* Exercise objective *
Write out again, exactly, the lines of the listing below from the first one through the one that contains "map_poly h (a", and no other lines.

* Given entries *
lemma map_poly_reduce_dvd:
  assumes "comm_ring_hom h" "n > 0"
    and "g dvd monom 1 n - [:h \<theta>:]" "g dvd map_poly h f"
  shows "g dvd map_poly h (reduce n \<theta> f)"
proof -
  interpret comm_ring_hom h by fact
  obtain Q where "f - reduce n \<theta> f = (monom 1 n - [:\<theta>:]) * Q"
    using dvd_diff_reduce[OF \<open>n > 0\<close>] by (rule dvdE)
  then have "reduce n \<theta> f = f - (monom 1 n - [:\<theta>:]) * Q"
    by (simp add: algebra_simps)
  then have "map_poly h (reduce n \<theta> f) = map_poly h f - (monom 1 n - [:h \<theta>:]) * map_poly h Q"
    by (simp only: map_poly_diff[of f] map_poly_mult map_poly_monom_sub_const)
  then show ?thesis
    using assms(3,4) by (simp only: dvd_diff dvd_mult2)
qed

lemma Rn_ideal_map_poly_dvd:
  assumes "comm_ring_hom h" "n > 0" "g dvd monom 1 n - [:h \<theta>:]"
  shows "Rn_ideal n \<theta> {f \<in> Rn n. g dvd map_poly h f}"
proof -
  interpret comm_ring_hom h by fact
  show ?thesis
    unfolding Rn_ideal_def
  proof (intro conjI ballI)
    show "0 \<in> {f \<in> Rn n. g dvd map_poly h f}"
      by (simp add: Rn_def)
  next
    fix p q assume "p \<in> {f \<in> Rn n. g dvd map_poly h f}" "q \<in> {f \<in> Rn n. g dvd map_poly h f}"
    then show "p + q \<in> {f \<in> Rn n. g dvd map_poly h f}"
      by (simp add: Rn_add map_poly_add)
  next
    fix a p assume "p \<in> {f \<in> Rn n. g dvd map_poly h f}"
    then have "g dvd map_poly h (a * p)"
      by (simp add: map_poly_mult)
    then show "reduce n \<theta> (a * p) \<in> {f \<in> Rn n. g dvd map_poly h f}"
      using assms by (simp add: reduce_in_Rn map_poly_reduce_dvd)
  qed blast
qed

* Exercise response *
lemma map_poly_reduce_dvd:
  assumes "comm_ring_hom h" "n > 0"
    and "g dvd monom 1 n - [:h \<theta>:]" "g dvd map_poly h f"
  shows "g dvd map_poly h (reduce n \<theta> f)"
proof -
  interpret comm_ring_hom h by fact
  obtain Q where "f - reduce n \<theta> f = (monom 1 n - [:\<theta>:]) * Q"
    using dvd_diff_reduce[OF \<open>n > 0\<close>] by (rule dvdE)
  then have "reduce n \<theta> f = f - (monom 1 n - [:\<theta>:]) * Q"
    by (simp add: algebra_simps)
  then have "map_poly h (reduce n \<theta> f) = map_poly h f - (monom 1 n - [:h \<theta>:]) * map_poly h Q"
    by (simp only: map_poly_diff[of f] map_poly_mult map_poly_monom_sub_const)
  then show ?thesis
    using assms(3,4) by (simp only: dvd_diff dvd_mult2)
qed

lemma Rn_ideal_map_poly_dvd:
  assumes "comm_ring_hom h" "n > 0" "g dvd monom 1 n - [:h \<theta>:]"
  shows "Rn_ideal n \<theta> {f \<in> Rn n. g dvd map_poly h f}"
proof -
  interpret comm_ring_hom h by fact
  show ?thesis
    unfolding Rn_ideal_def
  proof (intro conjI ballI)
    show "0 \<in> {f \<in> Rn n. g dvd map_poly h f}"
      by (simp add: Rn_def)
  next
    fix p q assume "p \<in> {f \<in> Rn n. g dvd map_poly h f}" "q \<in> {f \<in> Rn n. g dvd map_poly h f}"
    then show "p + q \<in> {f \<in> Rn n. g dvd map_poly h f}"
      by (simp add: Rn_add map_poly_add)
  next
    fix a p assume "p \<in> {f \<in> Rn n. g dvd map_poly h f}"
    then have "g dvd map_poly h (a * p)"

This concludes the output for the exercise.